Ciaran recognises that the infrastructure and critical mass to handle major deals isn’t hard to find in law firms, but what it boils down to is not just possessing the necessary legal and technical expertise, but chemistry – and this is true whether it’s choosing external counsel, or considering expanding the legal team in future.

“One of the things that First Quantum does really well is assign small groups of resourceful people to a deal, and management will entrust those people to achieve a goal quickly. They are given quite a large amount of autonomy to do that. So the key for me is the individual. Is this person someone the people running the deal can work with, and will they help or hinder First Quantum doing deals in the manner that has helped First Quantum achieve what it has to date?”

So what advice would he give someone considering an in-house move?

“I think it’s very important for a lawyer who is thinking about making the move in-house to a role like this is to be very honest with yourself about what your strengths and weaknesses are. If you can be honest in that analysis you will be able to decide whether you are suited to this type of role, and more importantly, whether you will enjoy it,” He says. “Because as much as it’s slightly nerve-wracking, particularly at the outset, if you can embrace it, it’s quite liberating.”

He believes it’s good to get a taste of in-house life first – and not to judge it too early. “I’d encourage anyone who is thinking about going in-house to do a secondment, more than one if possible, as there are oceans of possibilities in house with companies of very different size and culture. And for the first few months after making the move, don’t make any firm judgements. There can be an ebb and flow to in-house work, so it’s important to see how things even out over the course of a few months or even a year. In particular, there are often less creature comforts than you might have had at law firms, so the initial culture shock can sometimes be demotivating, but those things are usually pretty superficial and you realise pretty soon they don’t move the needle in terms of what you really care about. In my experience, in the end, the pros significantly outweigh the cons.”

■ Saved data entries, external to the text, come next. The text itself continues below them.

(* There is an absolute constant $c_0>0$ such that for all $0<\mu<c_0$ there is $n_0$ such that for all even $n\ge n_0$ the following holds. Let $D\subseteq[n-1]$ with $|D|=\mu n+1$ and let $\mathbf{G}$ be chosen uniformly at random from $\mathcal{G}^{\mathrm{col}}_D$. Then $\mathbb{P}[\mathbf{G}\text{ is quasirandom}]\ge 1-\exp(-\mu^3n^2)$.
   Context: Fix a vertex set $V$ with $|V|=n$, $n$ even. For $D\subseteq[n-1]$, $\mathcal{G}^{\mathrm{col}}_D$ is the set of pairs $(G,\phi_G)$ where $G$ is a $|D|$-regular graph on $V$ and $\phi_G$ is a 1-factorization of $G$ with colour set $D$. For (not necessarily distinct or disjoint) $A,B\subseteq V$, $e_G(A,B)$ is the number of edges $ab\in E(G)$ with $a\in A$, $b\in B$. $G\in\mathcal{G}^{\mathrm{col}}_D$ is quasirandom if for all $A,B\subseteq V$ with $|A|=|B|=|D|$ we have $e_G(A,B)<8(|D|-1)^3/n$. *)

theory Defs
  imports Complex_Main
begin

definition all_edges :: "nat \<Rightarrow> nat set set" where
  "all_edges n = {e. e \<subseteq> {..<n} \<and> card e = 2}"

definition degree :: "nat set set \<Rightarrow> nat \<Rightarrow> nat" where
  "degree G v = card {e \<in> G. v \<in> e}"

definition perfect_matching :: "nat \<Rightarrow> nat set set \<Rightarrow> bool" where
  "perfect_matching n M \<longleftrightarrow> M \<subseteq> all_edges n \<and> (\<forall>v \<in> {..<n}. \<exists>!e. e \<in> M \<and> v \<in> e)"

text \<open>Coloured graphs: pairs (G, phi) with G a |D|-regular graph on V and phi a
  1-factorization of G with colour set D (each colour class is a perfect matching of V).
  phi is taken extensional: phi e = 0 for non-edges (0 is not a colour since D is in [n-1]).\<close>

definition col_graphs :: "nat \<Rightarrow> nat set \<Rightarrow> (nat set set \<times> (nat set \<Rightarrow> nat)) set" where
  "col_graphs n D = {(G, \<phi>). G \<subseteq> all_edges n
      \<and> (\<forall>v \<in> {..<n}. degree G v = card D)
      \<and> (\<forall>e \<in> G. \<phi> e \<in> D)
      \<and> (\<forall>e. e \<notin> G \<longrightarrow> \<phi> e = 0)
      \<and> (\<forall>d \<in> D. perfect_matching n {e \<in> G. \<phi> e = d})}"

definition e_G :: "nat set set \<Rightarrow> nat set \<Rightarrow> nat set \<Rightarrow> nat" where
  "e_G G A B = card {(a, b). a \<in> A \<and> b \<in> B \<and> {a, b} \<in> G}"
(* Let $G$ be a tree with $\ell$ leaves and let $1\leq m\leq \ell$. Then $\mathrm{capt}(G,m)\leq \lceil \mathrm{diam}(G)/2\rceil+(m-1)\,\mathrm{diam}(G)$.
   Context: All graphs are reflexive (a player may stay in place). The game of $k$ cops and $m$ robbers on $G$: in round 0 the cops first choose starting vertices, then the robbers choose theirs. In each round $i\geq 1$, all cops move (each to an adjacent vertex or staying), then all robbers move likewise. Several players may occupy the same vertex. Whenever a cop and some robbers occupy the same vertex, those robbers are captured and take no further part in the game. Both sides have full information. The cops win if all robbers are captured after finitely many rounds. For a cop-win graph $G$ (e.g. a tree), $\mathrm{capt}(G,m)$ is the index of the round in which the last robber is captured when one cop plays to minimize this index and $m$ robbers play to maximize it. $\mathrm{diam}(G)$ is the diameter of $G$. *)

theory Defs
  imports Complex_Main
begin

text \<open>Simple graphs: vertex set V, symmetric irreflexive adjacency E on V.
  Reflexivity of the game graph is modelled by always allowing a player to stay.\<close>

definition graph :: "'a set \<Rightarrow> ('a \<Rightarrow> 'a \<Rightarrow> bool) \<Rightarrow> bool" where
  "graph V E \<longleftrightarrow> finite V \<and> V \<noteq> {} \<and>
     (\<forall>x y. E x y \<longrightarrow> x \<in> V \<and> y \<in> V) \<and>
     (\<forall>x y. E x y \<longrightarrow> E y x) \<and> (\<forall>x. \<not> E x x)"

definition is_walk :: "('a \<Rightarrow> 'a \<Rightarrow> bool) \<Rightarrow> 'a list \<Rightarrow> bool" where
  "is_walk E p \<longleftrightarrow> p \<noteq> [] \<and> (\<forall>i. Suc i < length p \<longrightarrow> E (p ! i) (p ! Suc i))"

definition walk_len :: "('a \<Rightarrow> 'a \<Rightarrow> bool) \<Rightarrow> nat \<Rightarrow> 'a \<Rightarrow> 'a \<Rightarrow> bool" where
  "walk_len E k u v \<longleftrightarrow> (\<exists>p. is_walk E p \<and> length p = Suc k \<and> hd p = u \<and> last p = v)"

definition connected_graph :: "'a set \<Rightarrow> ('a \<Rightarrow> 'a \<Rightarrow> bool) \<Rightarrow> bool" where
  "connected_graph V E \<longleftrightarrow> (\<forall>u\<in>V. \<forall>v\<in>V. \<exists>k. walk_len E k u v)"

definition has_cycle :: "('a \<Rightarrow> 'a \<Rightarrow> bool) \<Rightarrow> bool" where
  "has_cycle E \<longleftrightarrow> (\<exists>p. is_walk E p \<and> length p \<ge> 3 \<and> distinct p \<and> E (last p) (hd p))"

definition is_tree :: "'a set \<Rightarrow> ('a \<Rightarrow> 'a \<Rightarrow> bool) \<Rightarrow> bool" where
  "is_tree V E \<longleftrightarrow> graph V E \<and> connected_graph V E \<and> \<not> has_cycle E"

definition leaves :: "'a set \<Rightarrow> ('a \<Rightarrow> 'a \<Rightarrow> bool) \<Rightarrow> 'a set" where
  "leaves V E = {v \<in> V. card {w. E v w} = 1}"

definition gdist :: "('a \<Rightarrow> 'a \<Rightarrow> bool) \<Rightarrow> 'a \<Rightarrow> 'a \<Rightarrow> nat" where
  "gdist E u v = (LEAST k. walk_len E k u v)"

definition diam :: "'a set \<Rightarrow> ('a \<Rightarrow> 'a \<Rightarrow> bool) \<Rightarrow> nat" where
  "diam V E = Max {gdist E u v | u v. u \<in> V \<and> v \<in> V}"

text \<open>Game state: cop position and a list of robbers (None = captured).\<close>
definition capture :: "'a \<Rightarrow> 'a option list \<Rightarrow> 'a option list" where
  "capture c R = map (\<lambda>r. if r = Some c then None else r) R"

definition robber_moves :: "('a \<Rightarrow> 'a \<Rightarrow> bool) \<Rightarrow> 'a option list \<Rightarrow> 'a option list \<Rightarrow> bool" where
  "robber_moves E R R' \<longleftrightarrow> list_all2 (\<lambda>r r'. case r of None \<Rightarrow> r' = None
        | Some v \<Rightarrow> (\<exists>w. r' = Some w \<and> (w = v \<or> E v w))) R R'"

text \<open>cop_wins E n c R: in the state after the robbers' move (captures applied), with the cop
  at c and robbers R, the cop can force all robbers to be captured within n further rounds.\<close>
fun cop_wins :: "('a \<Rightarrow> 'a \<Rightarrow> bool) \<Rightarrow> nat \<Rightarrow> 'a \<Rightarrow> 'a option list \<Rightarrow> bool" where
  "cop_wins E 0 c R = (\<forall>r\<in>set R. r = None)"
| "cop_wins E (Suc n) c R = ((\<forall>r\<in>set R. r = None) \<or>
     (\<exists>c'. (c' = c \<or> E c c') \<and>
        (\<forall>R'. robber_moves E (capture c' R) R' \<longrightarrow> cop_wins E n c' (capture c' R'))))"

definition capt :: "'a set \<Rightarrow> ('a \<Rightarrow> 'a \<Rightarrow> bool) \<Rightarrow> nat \<Rightarrow> nat" where
  "capt V E m = (LEAST n. \<exists>c0\<in>V. \<forall>rs. length rs = m \<and> set rs \<subseteq> V \<longrightarrow>
                   cop_wins E n c0 (capture c0 (map Some rs)))"

end

theory Submission imports Defs begin
lemma summable_if_ereal_le_cmult_summable:
  fixes a :: "nat \<Rightarrow> real" and b :: "nat \<Rightarrow> ereal"
  assumes "\<And>n. 0 \<le> a n" "\<And>n. 0 \<le> b n" "0 \<le> C" "\<And>n. ereal (a n) \<le> ereal C * b n"
    and "(\<Sum>n. b n) < \<infinity>"
  shows "summable a"
proof -
  have "(\<Sum>n. ereal (a n)) \<le> (\<Sum>n. ereal C * b n)"
    using assms by (intro suminf_le_pos) auto
  also have "\<dots> = ereal C * (\<Sum>n. b n)"
    using assms by (intro suminf_cmult_ereal) auto
  also have "\<dots> < \<infinity>"
    using assms(5) suminf_0_le[of b] assms(2) by (cases "\<Sum>n. b n") auto
  finally show ?thesis
    using summable_real_of_ereal[of "\<lambda>n. ereal (a n)"] assms(1) by simp
qed

lemma summable_one_minus_hellinger_if_class_D:
  assumes "class_D d" "\<And>n. prob_on_unit (\<mu> n)" "prob_on_unit \<mu>0"
    and "\<And>n. hellinger (\<mu> n) \<mu>0 \<le> 1" and "(\<Sum>n. d (\<mu> n) \<mu>0) < \<infinity>"
  shows "summable (\<lambda>n. 1 - hellinger (\<mu> n) \<mu>0)"
proof -
  from assms(1) obtain C where "0 < C" and C: "\<And>\<mu> \<mu>'. prob_on_unit \<mu> \<Longrightarrow> prob_on_unit \<mu>' \<Longrightarrow>
      ereal (1 - hellinger \<mu> \<mu>') \<le> ereal C * d \<mu> \<mu>'"
    unfolding class_D_def by blast
  have "0 \<le> d (\<mu> n) \<mu>0" for n
    using assms(1) assms(2)[of n] assms(3)
    unfolding class_D_def is_divergence_def is_distance_def by blast
  then show ?thesis
    using \<open>0 < C\<close> C[OF assms(2) assms(3)] assms(4,5)
    by (intro summable_if_ereal_le_cmult_summable[where C=C]) auto
qed

theorem lemma1:
  fixes \<nu> :: "nat \<Rightarrow> real measure" and d :: "real measure \<Rightarrow> real measure \<Rightarrow> ereal"
  assumes "\<And>n. prob_on_unit (\<nu> n)"
    and "\<And>n. n \<ge> 1 \<Longrightarrow> absolutely_continuous (\<nu> 0) (\<nu> n)"
    and "class_D d"
    and "(\<Sum>n. d (\<nu> (Suc n)) (\<nu> 0)) < \<infinity>"
  shows "absolutely_continuous (\<Pi>\<^sub>M n\<in>{1..}. \<nu> 0) (\<Pi>\<^sub>M n\<in>{1..}. \<nu> n)"
proof -
  define f where "f n x = enn2real (RN_deriv (\<nu> 0) (\<nu> n) x)" for n x
  have prob: "prob_space (\<nu> n)" and "sets (\<nu> n) = sets (\<nu> 0)" for n
    using assms(1)[of n] assms(1)[of 0] by (auto simp: prob_on_unit_def)
  moreover have "absolutely_continuous (\<nu> 0) (\<nu> n)" for n
    using assms(2)[of n] by (cases n) (auto simp: absolutely_continuous_def)
  ultimately have density_f: "density (\<nu> 0) (f n) = \<nu> n" for n
    unfolding f_def by (intro density_enn2real_RN_deriv) (auto simp: prob_space_imp_sigma_finite)
  interpret prob_density_sequence "\<nu> 0" f
  proof (rule prob_density_sequence.intro)
    show "f i \<in> borel_measurable (\<nu> 0)" "0 \<le> f i x" for i x
      unfolding f_def by simp_all
  qed (simp_all add: prob density_f)
  have hellinger_eq: "hellinger (\<nu> n) (\<nu> 0) = affinity n" for n
    using hellinger_density[of "\<nu> 0" "f n"] prob[of n] density_f
    by (simp add: finite_measure_axioms prob_space_def affinity_def f_nonneg integral_eq_nn_integral)
  have "summable (\<lambda>n. 1 - affinity (Suc n))"
    using summable_one_minus_hellinger_if_class_D[OF assms(3) assms(1) assms(1) _ assms(4)]
    by (simp add: hellinger_eq affinity_le_1)
  then have "summable (\<lambda>n. 1 - affinity n)"
    using summable_Suc_iff[of "\<lambda>n. 1 - affinity n"] by simp
  then have "absolutely_continuous (\<Pi>\<^sub>M n\<in>{1..}. \<nu> 0) (\<Pi>\<^sub>M n\<in>{1..}. density (\<nu> 0) (f n))"
    by (rule absolutely_continuous_PiM)
  then show ?thesis
    by (simp add: density_f)
qed
lemma square_mod_inj:
  assumes "0 < s" "2 * int s < p" "0 < s'" "2 * int s' < p" "[s\<^sup>2 = s'\<^sup>2] (mod nat p)"
  shows "s = s'"
proof -
  have "[int (s\<^sup>2) = int (s'\<^sup>2)] (mod int (nat p))"
    using assms(5) by (simp only: cong_int_iff)
  then have "[(int s)\<^sup>2 = (int s')\<^sup>2] (mod p)"
    using p_gt_1 by simp
  then have "p dvd (int s - int s') * (int s + int s')"
    by (simp add: cong_iff_dvd_diff power2_eq_square algebra_simps)
  moreover have "\<not> p dvd (int s + int s')"
    using assms by (intro zdvd_not_zless) auto
  ultimately have "p dvd int s - int s'"
    using prime_p by (simp add: prime_dvd_mult_iff)
  then have "int s = int s'" using assms by (intro eq_if_dvd_diff) auto
  then show ?thesis by simp
qed

lemma lower_unipotent_pow: "(1, 0, p - 1, 1) [^]\<^bsub>SL2 p\<^esub> (n::nat) = (1, 0, (- int n) mod p, 1)"
proof (induction n)
  case 0
  then show ?case by (simp add: SL2_one)
next
  case (Suc n)
  have "((- int n) mod p + (p - 1)) mod p = (- int n + (p - 1)) mod p"
    by (simp add: mod_add_left_eq)
  also have "- int n + (p - 1) = - int (Suc n) + 1 * p" by simp
  also have "(- int (Suc n) + 1 * p) mod p = (- int (Suc n)) mod p" by (simp only: mod_mult_self1)
  finally show ?case using Suc p_gt_1 by (simp add: SL2_mult)
qed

What did Ciaran learn from his own experience that he would pass on? “As lawyers, we are understandably trained to focus on the law and documents, so there is a temptation to jump into the more academic stuff in terms of reading into the industry, rules and regulations etc. and I spent a significant amount of time doing that,” he admits. “And that’s all great, you have to do it because you have to have that substantial knowledge to do the job. However, I would say it’s even more important to really build up your understanding of the business and the people. What’s the culture of the business? How do we do operate in different parts of the world? What about the individuals you are dealing with on a daily basis? How do they work and what sort of service do they want from in-house counsel? It important to think a lot about that and it should be an ongoing exercise.”

It’s also crucial to be seen as part of the team getting the deal done, not simply a risk review function at the end. “You need to be a person that they feel they should call or, even better, that they want to call. That doesn’t necessarily flow from them thinking you’re an excellent lawyer – although I’m sure that would help! It flows from being the sort of person they want to have on the team with them, that they think has their back and that they actually enjoy working with. You can’t underestimate that."